Your task is to copy every line of the entries that holds the word "allocations".

┌─ Extracted information

lemma mfng_trunc_matrix:
  assumes "\<And>i. i < m \<Longrightarrow> l i \<ge> 0" and "(\<Sum>i<m. l i) = 1"
  shows "mfng n m l (trunc_matrix m P) k = mfng n m l P k"
  unfolding mfng_def
proof (rule bind_pmf_cong[OF refl])
  fix c assume c: "c \<in> set_pmf (Pi_pmf {0..<n} (\<lambda>_. 0) (\<lambda>_. category_pmf m l k))"
  have "c u r < m" if "u < n" "r < k" for u r
  proof -
    have "c u \<in> set_pmf (category_pmf m l k)"
      using set_Pi_pmf_subset'[of "{0..<n}" "\<lambda>_. 0" "\<lambda>_. category_pmf m l k"] c that
      by (auto simp: PiE_dflt_def)
    then have "c u r \<in> set_pmf (level_pmf m l)"
      using set_Pi_pmf_subset'[of "{0..<k}" 0 "\<lambda>_. level_pmf m l"] that
      by (auto simp: category_pmf_def PiE_dflt_def)
    then show ?thesis using set_pmf_level_pmf[OF assms] by auto
  qed
  then have "edge_prob (trunc_matrix m P) k (c u) (c v) = edge_prob P k (c u) (c v)"
    if "(u, v) \<in> node_pairs n" for u v
    using that by (auto simp: edge_prob_def trunc_matrix_def node_pairs_def intro!: prod.cong)
  then have "Pi_pmf (node_pairs n) False
               (\<lambda>(u,v). bernoulli_pmf (edge_prob (trunc_matrix m P) k (c u) (c v)))
           = Pi_pmf (node_pairs n) False (\<lambda>(u,v). bernoulli_pmf (edge_prob P k (c u) (c v)))"
    by (intro Pi_pmf_cong) auto
  then show "Pi_pmf (node_pairs n) False
               (\<lambda>(u,v). bernoulli_pmf (edge_prob (trunc_matrix m P) k (c u) (c v)))
             \<bind> (\<lambda>b. return_pmf {e \<in> node_pairs n. b e})
           = Pi_pmf (node_pairs n) False (\<lambda>(u,v). bernoulli_pmf (edge_prob P k (c u) (c v)))
             \<bind> (\<lambda>b. return_pmf {e \<in> node_pairs n. b e})"
    by simp
qed

definition star_edges :: "nat \<Rightarrow> nat set \<Rightarrow> (nat \<times> nat) set" where
  "star_edges v D = (\<lambda>u. (min v u, max v u)) ` D"

definition clique_edges :: "nat set \<Rightarrow> (nat \<times> nat) set" where
  "clique_edges S = {(a,b). a \<in> S \<and> b \<in> S \<and> a < b}"
lemma strict_linear_on_ext_pref:
  assumes "strict_linear_on A (pref v)"
  shows "strict_linear_on (insert None (Some ` A)) (ext_pref pref v)"
  unfolding strict_linear_on_def
proof (intro conjI ballI impI)
  fix w assume "w \<in> insert None (Some ` A)"
  then show "\<not> ext_pref pref v w w"
    by (cases w) (auto dest: strict_linear_on_irrefl[OF assms])
next
  fix w1 w2 w3 assume "w1 \<in> insert None (Some ` A)" "w2 \<in> insert None (Some ` A)"
    "w3 \<in> insert None (Some ` A)" "ext_pref pref v w1 w2" "ext_pref pref v w2 w3"
  then show "ext_pref pref v w1 w3"
    by (cases w1; cases w2; cases w3) (auto intro: strict_linear_on_trans[OF assms])
next
  fix w1 w2 assume "w1 \<in> insert None (Some ` A)" "w2 \<in> insert None (Some ` A)" "w1 \<noteq> w2"
  then show "ext_pref pref v w1 w2 \<or> ext_pref pref v w2 w1"
    by (cases w1; cases w2) (auto dest: strict_linear_on_total[OF assms])
qed
(* Consider an instance with $n$ agents, $m$ divisible items and binary additive valuations (notation as in the context). For any two stable fractional allocations $x,x'$, their profiles are equal: $\mathbf{p}(x)=\mathbf{p}(x')$ (Chebyshev distance $0$).
   Context: Agents $[n]$, items $[m]$; each agent $i$ has a set $L_i\subseteq[m]$ of liked items. A fractional allocation is a matrix $x=(x_{o,i})$ with $x_{o,i}\ge0$ and $\sum_i x_{o,i}\le1$ for each item $o$; agent $i$'s value is $\sum_{o\in L_i}x_{o,i}$. $x$ is clean if $x_{o,i}=0$ whenever $o\notin L_i$, and max-USW if it maximizes the sum of agents' values. Throughout, allocations are clean and max-USW. Profile $\mathbf{p}(x)=(h_1,\dots,h_n)$ with $h_i=\sum_o x_{o,i}$. A transfer $u\to v$: distinct agents $u=i_1,\dots,i_k=v$ ($k\ge2$), items $o_1,\dots,o_{k-1}$ with $x_{o_l,i_l}>0$ and $o_l\in L_{i_{l+1}}$, amount $0<\Delta\le\min_l x_{o_l,i_l}$, moving $\Delta$ of $o_l$ from $i_l$ to $i_{l+1}$; narrowing if $h_u-\Delta\ge h_v+\Delta$. $x$ is stable if it admits no narrowing transfer. *)

theory Defs
  imports Main "HOL.Real"
begin

(* Agents are 0..<n, items are 0..<m. L i is the set of items liked by agent i.
   A fractional allocation is x :: nat => nat => real, x j i = amount of item o given to agent i. *)

definition frac_alloc :: "nat \<Rightarrow> nat \<Rightarrow> (nat \<Rightarrow> nat \<Rightarrow> real) \<Rightarrow> bool" where
  "frac_alloc n m x \<longleftrightarrow>
     (\<forall>j<m. \<forall>i<n. 0 \<le> x j i) \<and> (\<forall>j<m. (\<Sum>i<n. x j i) \<le> 1)"

definition agent_value :: "nat \<Rightarrow> (nat \<Rightarrow> nat set) \<Rightarrow> (nat \<Rightarrow> nat \<Rightarrow> real) \<Rightarrow> nat \<Rightarrow> real" where
  "agent_value m L x i = (\<Sum>j\<in>{..<m} \<inter> L i. x j i)"

definition usw :: "nat \<Rightarrow> nat \<Rightarrow> (nat \<Rightarrow> nat set) \<Rightarrow> (nat \<Rightarrow> nat \<Rightarrow> real) \<Rightarrow> real" where
  "usw n m L x = (\<Sum>i<n. agent_value m L x i)"

definition clean :: "nat \<Rightarrow> nat \<Rightarrow> (nat \<Rightarrow> nat set) \<Rightarrow> (nat \<Rightarrow> nat \<Rightarrow> real) \<Rightarrow> bool" where
  "clean n m L x \<longleftrightarrow> (\<forall>j<m. \<forall>i<n. j \<notin> L i \<longrightarrow> x j i = 0)"

definition max_usw :: "nat \<Rightarrow> nat \<Rightarrow> (nat \<Rightarrow> nat set) \<Rightarrow> (nat \<Rightarrow> nat \<Rightarrow> real) \<Rightarrow> bool" where
  "max_usw n m L x \<longleftrightarrow> frac_alloc n m x \<and>
     (\<forall>y. frac_alloc n m y \<longrightarrow> usw n m L y \<le> usw n m L x)"

definition profile :: "nat \<Rightarrow> (nat \<Rightarrow> nat \<Rightarrow> real) \<Rightarrow> nat \<Rightarrow> real" where
  "profile m x i = (\<Sum>j<m. x j i)"

definition is_transfer ::
  "nat \<Rightarrow> nat \<Rightarrow> (nat \<Rightarrow> nat set) \<Rightarrow> (nat \<Rightarrow> nat \<Rightarrow> real) \<Rightarrow> nat list \<Rightarrow> nat list \<Rightarrow> real \<Rightarrow> bool" where
  "is_transfer n m L x ags its d \<longleftrightarrow>
     2 \<le> length ags \<and> distinct ags \<and> (\<forall>a\<in>set ags. a < n) \<and>
     length its = length ags - 1 \<and> (\<forall>j\<in>set its. j < m) \<and>
     (\<forall>l < length its. 0 < x (its!l) (ags!l) \<and> its!l \<in> L (ags!(Suc l))) \<and>
     0 < d \<and> (\<forall>l < length its. d \<le> x (its!l) (ags!l))"

definition narrowing_transfer ::
  "nat \<Rightarrow> nat \<Rightarrow> (nat \<Rightarrow> nat set) \<Rightarrow> (nat \<Rightarrow> nat \<Rightarrow> real) \<Rightarrow> nat list \<Rightarrow> nat list \<Rightarrow> real \<Rightarrow> bool" where
  "narrowing_transfer n m L x ags its d \<longleftrightarrow>
     is_transfer n m L x ags its d \<and>
     profile m x (hd ags) - d \<ge> profile m x (last ags) + d"

definition stable :: "nat \<Rightarrow> nat \<Rightarrow> (nat \<Rightarrow> nat set) \<Rightarrow> (nat \<Rightarrow> nat \<Rightarrow> real) \<Rightarrow> bool" where
  "stable n m L x \<longleftrightarrow> \<not> (\<exists>ags its d. narrowing_transfer n m L x ags its d)"

end

theory Submission
  imports Defs
begin

(* Along a transfer path (positive holdings, each item liked by the next agent) the profile of a
   stable allocation cannot decrease, since otherwise a small narrowing transfer along the path
   exists. A clean max-USW allocation hands out every liked item completely and nothing else, so
   x and x' distribute the same amount of each item. If the profiles h and h' differ, some agent u
   has h' u < h u. Call a move of item j from a to b an exchange if x gives a more of j than x'
   does and b less. The set R of agents reachable from u by exchanges is closed, so item by item R
   holds no more under x than under x', hence some v in R has h v < h' v. The exchange path from u
   to v is a transfer path for x and, reversed, one for x'; stability gives h u <= h v and
   h' v <= h' u, a contradiction. *)

definition agent_path ::
  "(nat \<Rightarrow> nat \<Rightarrow> nat \<Rightarrow> bool) \<Rightarrow> nat \<Rightarrow> nat \<Rightarrow> nat list \<Rightarrow> nat list \<Rightarrow> bool" where
  "agent_path E n m ags its \<longleftrightarrow>
     ags \<noteq> [] \<and> distinct ags \<and> (\<forall>a\<in>set ags. a < n) \<and>
     length its = length ags - 1 \<and> (\<forall>j\<in>set its. j < m) \<and>
     (\<forall>l<length its. E (ags!l) (its!l) (ags!Suc l))"

lemma agent_path_nth_bounds:
  assumes "agent_path E n m ags its" and "l < length its"
  shows "ags!l < n" and "its!l < m" and "ags!Suc l < n"
  using assms unfolding agent_path_def by auto

lemma agent_path_mono:
  assumes path: "agent_path E n m ags its"
    and E: "\<And>a j b. a < n \<Longrightarrow> j < m \<Longrightarrow> b < n \<Longrightarrow> E a j b \<Longrightarrow> E' a j b"
  shows "agent_path E' n m ags its"
  using path agent_path_nth_bounds[OF path] E unfolding agent_path_def by blast

lemma agent_path_rev:
  assumes path: "agent_path E n m ags its"
  shows "agent_path (\<lambda>a j b. E b j a) n m (rev ags) (rev its)"
proof -
  have len: "length ags = Suc (length its)"
    using path unfolding agent_path_def by auto
  have "E (rev ags ! Suc l) (rev its ! l) (rev ags ! l)" if l: "l < length its" for l
  proof -
    define l' where "l' = length its - Suc l"
    have "l' < length its" using l unfolding l'_def by simp
    moreover have "rev its ! l = its ! l'" "rev ags ! l = ags ! Suc l'" "rev ags ! Suc l = ags ! l'"
      using l len unfolding l'_def by (simp_all add: rev_nth Suc_diff_Suc)
    ultimately show ?thesis using path unfolding agent_path_def by simp
  qed
  then show ?thesis using path unfolding agent_path_def by auto
qed

lemma agent_path_take:
  assumes path: "agent_path E n m ags its" and k: "k < length ags"
  shows "agent_path E n m (take (Suc k) ags) (take k its)"
  using path k unfolding agent_path_def by (auto dest: in_set_takeD)

lemma agent_path_snoc:
  assumes path: "agent_path E n m ags its"
    and b: "b \<notin> set ags" "b < n" and j: "j < m" and E: "E (last ags) j b"
  shows "agent_path E n m (ags @ [b]) (its @ [j])"
proof -
  have len: "length ags = Suc (length its)"
    using path unfolding agent_path_def by auto
  have last: "ags ! length its = last ags"
    using path len unfolding agent_path_def by (simp add: last_conv_nth)
  have "E ((ags @ [b]) ! l) ((its @ [j]) ! l) ((ags @ [b]) ! Suc l)"
    if l: "l < Suc (length its)" for l
  proof (cases "l < length its")
    case True
    then have "E (ags ! l) (its ! l) (ags ! Suc l)"
      using path unfolding agent_path_def by blast
    then show ?thesis using True len by (simp add: nth_append)
  next
    case False
    then have "l = length its" using l by simp
    then show ?thesis using len last E by (simp add: nth_append)
  qed
  moreover have "distinct (ags @ [b])" "\<forall>a\<in>set (ags @ [b]). a < n" "\<forall>i\<in>set (its @ [j]). i < m"
    using path b j unfolding agent_path_def by auto
  ultimately show ?thesis
    using len unfolding agent_path_def by simp
qed

definition reachable_agents ::
  "(nat \<Rightarrow> nat \<Rightarrow> nat \<Rightarrow> bool) \<Rightarrow> nat \<Rightarrow> nat \<Rightarrow> nat \<Rightarrow> nat set" where
  "reachable_agents E n m u =
     {v. \<exists>ags its. agent_path E n m ags its \<and> hd ags = u \<and> last ags = v}"

lemma reachable_agents_self: "u < n \<Longrightarrow> u \<in> reachable_agents E n m u"
  unfolding reachable_agents_def agent_path_def by (intro CollectI exI[of _ "[u]"] exI[of _ "[]"]) simp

└─

» **Task output**:
(* Consider an instance with $n$ agents, $m$ divisible items and binary additive valuations (notation as in the context). For any two stable fractional allocations $x,x'$, their profiles are equal: $\mathbf{p}(x)=\mathbf{p}(x')$ (Chebyshev distance $0$).
   Context: Agents $[n]$, items $[m]$; each agent $i$ has a set $L_i\subseteq[m]$ of liked items. A fractional allocation is a matrix $x=(x_{o,i})$ with $x_{o,i}\ge0$ and $\sum_i x_{o,i}\le1$ for each item $o$; agent $i$'s value is $\sum_{o\in L_i}x_{o,i}$. $x$ is clean if $x_{o,i}=0$ whenever $o\notin L_i$, and max-USW if it maximizes the sum of agents' values. Throughout, allocations are clean and max-USW. Profile $\mathbf{p}(x)=(h_1,\dots,h_n)$ with $h_i=\sum_o x_{o,i}$. A transfer $u\to v$: distinct agents $u=i_1,\dots,i_k=v$ ($k\ge2$), items $o_1,\dots,o_{k-1}$ with $x_{o_l,i_l}>0$ and $o_l\in L_{i_{l+1}}$, amount $0<\Delta\le\min_l x_{o_l,i_l}$, moving $\Delta$ of $o_l$ from $i_l$ to $i_{l+1}$; narrowing if $h_u-\Delta\ge h_v+\Delta$. $x$ is stable if it admits no narrowing transfer. *)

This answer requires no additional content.